Glucagon-like peptide receptor agonist drugs (GLP-1) use another method of managing excess glucose. These FDA-approved diabetes drugs use several different mechanisms of action. They act upon gastrointestinal peptides to increase insulin production. They also slow down gastric emptying, reduce glucagon production after eating and decrease food intake.
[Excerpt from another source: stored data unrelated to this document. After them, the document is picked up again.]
lemma cdf_start_return_half:
  assumes "0 \<le> q" "q \<le> 1"
  shows "cdf (real_law (start_return (1/2) (return_pmf 0)
            (map_pmf (\<lambda>b. if b then 1 else 2) (bernoulli_pmf q)) R)) z
       = q * measure_pmf.prob R {..2 * z} + (1 - q) * (if 0 \<le> z then 1 else 0)"
proof -
  have "(\<lambda>g. g / 2) -` {..z} = {..2 * z}" by auto
  then show ?thesis
    using assms by (simp add: cdf_real_law start_return_def bind_return_pmf measure_pmf_prob_bind
        map_pmf_def[symmetric] bind_map_pmf)
qed

lemma qdrl_not_bellman_closed:
  assumes "K \<ge> 1"
  shows "\<not> bellman_closed (map (\<lambda>k. \<lambda>\<mu>. quantile \<mu> ((2 * real k - 1) / (2 * real K))) [1..<Suc K])"
proof -
  define e :: real where "e = 1 / (4 * real K)"
  define q :: real where "q = 2 / (4 * real K - 1)"
  define \<tau>\<^sub>K :: real where "\<tau>\<^sub>K = (2 * real K - 1) / (2 * real K)"
  define R :: "real pmf" where "R = map_pmf (\<lambda>b. if b then 0 else 1) (bernoulli_pmf e)"
  let ?start = "start_return (1/2) (return_pmf 0) (map_pmf (\<lambda>b. if b then 1 else 2) (bernoulli_pmf q))"
  have K: "real K \<ge> 1"
    using assms by simp
  have e: "0 < e" "e < 1" and q: "0 < q" "q < 1"
    using K by (auto simp: e_def q_def field_simps)
  have "1 - q < \<tau>\<^sub>K" and "\<tau>\<^sub>K \<le> 1"
    using K by (simp_all add: q_def \<tau>\<^sub>K_def field_simps)
  \<comment> \<open>with reward \<open>R\<close> the atom at 0 of the start return has mass exactly \<open>\<tau>\<^sub>K\<close>\<close>
  have "e * q + (1 - q) = \<tau>\<^sub>K"
  proof -
    have "4 * real K - 1 > 0"
      using K by simp
    then have "q * (1 - e) = 1 / (2 * real K)"
      using K by (simp add: q_def e_def field_simps)
    then show ?thesis
      using K by (simp add: \<tau>\<^sub>K_def field_simps)
  qed
  have prob_R: "measure_pmf.prob R S = e * indicator S 0 + (1 - e) * indicator S 1" for S
    using e by (simp add: R_def measure_pmf_prob_bind map_pmf_def)
  show ?thesis
  proof (rule not_bellman_closed_by_chain[of "1/2" "return_pmf 0" "return_pmf 1" R
        "map_pmf (\<lambda>b. if b then 1 else 2) (bernoulli_pmf q)"])
    show "finite (set_pmf R)"
      by (simp add: R_def)
    show "\<forall>s \<in> set (map (\<lambda>k \<mu>. quantile \<mu> ((2 * real k - 1) / (2 * real K))) [1..<Suc K]).
        s (real_law (return_pmf 1)) = s (real_law R)"
    proof -
      have "quantile (real_law (return_pmf 1)) \<tau> = quantile (real_law R) \<tau>"
        if \<tau>: "e < \<tau>" "\<tau> \<le> 1" for \<tau>
      proof -
        have "quantile (real_law (return_pmf 1)) \<tau> = 1"
          by (rule quantile_eqI) (use \<tau> e in \<open>auto simp: cdf_real_law\<close>)
        moreover have "quantile (real_law R) \<tau> = 1"
          by (rule quantile_eqI) (use \<tau> e in \<open>auto simp: cdf_real_law prob_R indicator_def\<close>)
        ultimately show ?thesis
          by simp
      qed
      moreover have "e < (2 * real k - 1) / (2 * real K)" and "(2 * real k - 1) / (2 * real K) \<le> 1"
        if "1 \<le> k" "k \<le> K" for k
        using that K by (auto simp: e_def field_simps)
      ultimately show ?thesis
        by auto
    qed
    have "quantile (real_law (?start (return_pmf 1))) \<tau>\<^sub>K = 1/2"
      by (rule quantile_eqI)
        (use q \<open>1 - q < \<tau>\<^sub>K\<close> \<open>\<tau>\<^sub>K \<le> 1\<close> in \<open>auto simp: cdf_start_return_half\<close>)
    moreover have "quantile (real_law (?start R)) \<tau>\<^sub>K = 0"
      by (rule quantile_eqI)
        (use q e \<open>1 - q < \<tau>\<^sub>K\<close> \<open>e * q + (1 - q) = \<tau>\<^sub>K\<close> in
          \<open>auto simp: cdf_start_return_half prob_R indicator_def\<close>)
    ultimately show "\<exists>s \<in> set (map (\<lambda>k \<mu>. quantile \<mu> ((2 * real k - 1) / (2 * real K))) [1..<Suc K]).
        s (real_law (?start (return_pmf 1))) \<noteq> s (real_law (?start R))"
      using assms by (auto simp: \<tau>\<^sub>K_def intro!: bexI[where x = "\<lambda>\<mu>. quantile \<mu> \<tau>\<^sub>K"])
  qed auto
qed

theorem lemma3:
  shows "(\<forall>(K::nat) (c::real) (d::real). K \<ge> 2 \<and> d > 0 \<longrightarrow>
            (let z = (\<lambda>k::nat. c + real k * d)
             in \<not> bellman_closed (map (\<lambda>k. cdrl_stat (z k) (z (Suc k))) [1..<K])))
       \<and> (\<forall>K::nat. K \<ge> 1 \<longrightarrow>
            \<not> bellman_closed (map (\<lambda>k. \<lambda>\<mu>. quantile \<mu> ((2 * real k - 1) / (2 * real K))) [1..<Suc K]))"
  using cdrl_not_bellman_closed qdrl_not_bellman_closed by (simp add: Let_def)

end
In combination, these actions help to improve blood sugar regulation in individuals with type-2 diabetes.
A number of different medications are available within this category:
- Dulaglutide – Brand name Trulicity, approved in 2014
- Exenatide – Brand name Bydureon, approved in 2012
- Liraglutide – Brand name Victoza, approved in 2010
- Albiglutide – Brand name Tanzeum, approved in 2014
Control of blood glucose levels can be more difficult over time, and additional measures may be needed. The option of using a combination drug that utilizes different biochemical methods for lowering blood glucose may be a good option for these patients, not only because they utilize different systems, but also because they are more cost effective.
One drug, named Glyxambil, employs both a SGLT-2 inhibitor and a DPP-4 inhibitor to block insulin from going to the kidneys and to increase glucose stored in the liver. Other drugs combine SGLT-2 inhibitors with the older diabetes drug, metformin, for improved blood glucose management. New drugs are being tested continuously to determine that combinations that do the most effective job of managing blood sugar levels.
Many of these drugs are not yet FDA-approved diabetes drugs that are available for physicians to prescribe. Future years will no doubt see a number of new drug combinations to help patients manage their type-2 diabetes.
Common Side Effects From Type-2 Diabetes Drugs
Each type of drug utilizes a different mechanism to achieve the result of reduce glucose levels in the body. This can cause side effects of various kinds that can be serious. Your doctor will monitor your condition and change your medication, if necessary.
- In some cases, the medications involved mechanisms within the liver, and this can result in problems with liver function. Your physician may require periodic liver function tests to ensure that your medications are working correctly and are not producing negative effects.
- Some studies on type-1 diabetes drugs indicate that these drugs can produce cardiovascular effects. Similarly, your physician may have you take additional blood tests or other diagnostic testing to ensure that no negative cardiovascular effects have occurred.
- Some type-2 diabetes medications are associated with an increased risk of bladder cancer. Your physician may advise you to have more frequent tests to ensure that you do not develop tumors in your urinary system.
- Type-2 diabetes drugs are also associated with stomach upset and diarrhea that can occur on an ongoing basis. If you are having these symptoms, consult with your doctor.
- Some drugs can also cause minor skin problems, such as rashes and hives. If you are troubled with these conditions, bring them to the attention of your doctor.
Type-2 diabetes can worsen over time, requiring changes in medication to ensure good control of glucose levels. The larger number of drug choices to manage blood glucose allows today’s patients an opportunity to live a longer, healthier life, free of the serious medical complications that can occur with type-2 diabetes. Talk to your doctor about the new diabetes drugs that are available for treatment of type-2 diabetes to determine which one best fits your needs.
Regardless of what medical course of action your doctor prescribes, it’s crucial that you take steps to manage your diet and live a healthy lifestyle. Often these factors play a huge role in the disease. Try to exercise – even adding modest exercise to your daily routine can help if you have been living a more sedentary life. And watch the sugar, especially the sneaky sugars that lie in even “healthy” food. Did you know, for example, that a cantaloupe has 43g of sugar?! That’s as much as 3 servings of ice cream!